Read our more detailed update on the judgment here.

The Niche

Recent developments have had us pondering antitrust angles in Defense Tech.1 A few thoughts:

  • Geostrategic rivalry begets market competition? Military tech has spawned smaller companies with software-enabled products (e.g., drones) not traditionally made by large defense companies.
  • But new forms of market power? New defense tech has seen companies compete for the market (e.g., Starlink, Palantir).
  • The distinction from industrial policy? Privatization and digitization of defense tech feeds concerns over critical raw materials, AI sovereignty, and public-private partnerships.

… and for the EU lawyers: how do you invoke national security as an ancillary restraint?

Other Interesting Recent Antitrust in Tech Developments

US: A federal judge found that Apple had failed to comply with a court order in the high-profile Epic Games antitrust case, ruling that Apple's ongoing restrictions on how app developers can direct users to alternative payment methods did not meet the original injunction's requirements which prohibited Apple from retaliating against developers for communicating with users ( Read more).

EU: Apple has proposed updated App Store rules in light of (1) an EC decision finding that Apple infringed Article 5(4) DMA by imposing restrictions on the ability of app developers to steer users to other distribution channels; and (2) a separate ongoing investigation into Apple's business terms ( Read more).

EU: The EU and member states are considering simplifying and streamlining the increasingly complex web of the EU digital rules with a view to enhancing the EU's digital competitiveness and innovation ( Read more).

UK: The CMA has published tips for businesses that use dynamic pricing, to “help them stay on the right side of the law and do the right thing by their customers,” as part of a wider project to consider how dynamic pricing is being used across different sectors of the economy.

Germany: The HRC Cologne ruled that Meta's processing of data for AI training without user consent complies with the (1) Article 6(1) GDPR user consent obligation; and (2) Article 5(2) DMA data combination prohibition. In contrast, though rejecting a separate application regarding the same conduct on procedural grounds, the HRC Schleswig-Holstein indicated that Meta's AI training process may infringe the GDPR as it involves the processing of sensitive and children's data without the necessary user consent.

What's in the Pipeline?

US: The DOJ settlement in HPE/Juniper has been alleged to be the result of politics rather than antitrust analysis, setting up a potentially contentious Tunney Act hearing (for more, see comments by a former DOJ Deputy Assistant AG).
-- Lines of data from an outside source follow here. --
text \<open>
  Let (i, k) be a pair of agents at maximal distance. Every other agent then lies, in the
  direction of x_i - x_k, between x_k and x_i, so along the equation the squared distance
  of this pair decreases at rate at least 2 p where alpha = 1 and psi is at least p, and
  increases at rate at most 4 K where alpha = -1. A comparison principle for the maximum of
  finitely many functions turns this into d(b) <= exp(- p (b - a)) d(a) on attractive
  intervals and d(b) <= exp(2 K (b - a)) d(a) on repulsive ones. Since exp(2 z) is at most
  exp z / (2 - exp z), the summable repulsive intervals never let d exceed M0, so psi is at
  least psi0 on the attractive intervals, and by convexity of exp one cycle multiplies
  d(t_2n) by at most f n, hence by at most c < 1. Finally f n >= 1 - exp(- K (t_2n+1 - t_2n))
  bounds the attractive intervals, so all cycles have bounded length L and the geometric
  decay of d(t_2n) becomes exponential decay in t.
\<close>

section \<open>Comparison principle for the maximum of finitely many functions\<close>

lemma family_le_of_deriv_neg_at_max:
  fixes h :: "'q \<Rightarrow> real \<Rightarrow> real"
  assumes Q: "finite Q" and "a \<le> b"
    and cont: "\<And>q. q \<in> Q \<Longrightarrow> continuous_on {a..b} (h q)"
    and deriv: "\<And>t q. t \<in> {a<..<b} \<Longrightarrow> q \<in> Q \<Longrightarrow> (\<forall>q'\<in>Q. h q' t \<le> h q t) \<Longrightarrow>
                  \<exists>D<0. (h q has_real_derivative D) (at t)"
    and init: "\<And>q. q \<in> Q \<Longrightarrow> h q a \<le> C"
    and q: "q \<in> Q"
  shows "h q b \<le> C"
proof -
  have before_b: "h q t \<le> C" if q: "q \<in> Q" and t: "t \<in> {a..<b}" for q t
  proof -
    let ?V = "\<Union>q'\<in>Q. h q' ` {a..t}"
    have "compact (h q' ` {a..t})" if "q' \<in> Q" for q'
      using t by (intro compact_continuous_image continuous_on_subset[OF cont[OF that]]) auto
    then have "compact ?V" using Q by (intro compact_UN)
    moreover have "?V \<noteq> {}" using q t by auto
    ultimately obtain v where v: "v \<in> ?V" "\<forall>w\<in>?V. w \<le> v"
      by (meson compact_attains_sup)
    then obtain q0 u0 where q0: "q0 \<in> Q" and u0: "u0 \<in> {a..t}" and "v = h q0 u0" by blast
    then have top: "\<And>q' u. q' \<in> Q \<Longrightarrow> u \<in> {a..t} \<Longrightarrow> h q' u \<le> h q0 u0"
      using v(2) by blast
    txt \<open>The joint maximum cannot sit at an interior time: the maximal function
      decreases there, so it was larger just before.\<close>
    have "u0 = a"
    proof (rule ccontr)
      assume "u0 \<noteq> a"
      then have "u0 \<in> {a<..<b}" using u0 t by auto
      moreover have "\<forall>q'\<in>Q. h q' u0 \<le> h q0 u0" using top u0 by blast
      ultimately obtain D where "D < 0" "(h q0 has_real_derivative D) (at u0)"
        using deriv q0 by blast
      then obtain d where d: "d > 0" "\<And>e. 0 < e \<Longrightarrow> e < d \<Longrightarrow> h q0 u0 < h q0 (u0 - e)"
        using DERIV_neg_dec_left by blast
      define e where "e = min (d / 2) (u0 - a)"
      have "0 < e" "e < d" "u0 - e \<in> {a..t}" using d u0 \<open>u0 \<noteq> a\<close> by (auto simp: e_def)
      then have "h q0 u0 < h q0 (u0 - e)" "h q0 (u0 - e) \<le> h q0 u0"
        using d(2) top[OF q0] by auto
      then show False by linarith
    qed
    then show ?thesis using top[OF q, of t] init[OF q0] t by auto
  qed
  show ?thesis
  proof (cases "a = b")
    case True
    then show ?thesis using init q by simp
  next
    case False
    have "closed {u \<in> {a..b}. h q u \<le> C}"
      using cont[OF q] by (intro continuous_on_closed_Collect_le continuous_intros) auto
    moreover have "{a..<b} \<subseteq> {u \<in> {a..b}. h q u \<le> C}" using before_b q by auto
    ultimately have "closure {a..<b} \<subseteq> {u \<in> {a..b}. h q u \<le> C}" by (rule closure_minimal[rotated])
    then show ?thesis using False \<open>a \<le> b\<close> by auto
  qed
qed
EU: The Commission is consulting on the first review of the DMA, seeking feedback on how the DMA can support fair and contestable digital markets, including regarding the AI sector.

UK: The CMA has published its proposed decisions and “intervention roadmaps” in the Google search and ad services SMS investigation as well as the Apple and Google mobile ecosystem SMS investigations.

Footnote

1. See, e.g., FT, FT Tech Tonic, Bloomberg Tech, UK Ministry of Defence, OpinioJuris, EU Startups, euronews.

The content of this article is intended to provide a general guide to the subject matter. Specialist advice should be sought about your specific circumstances.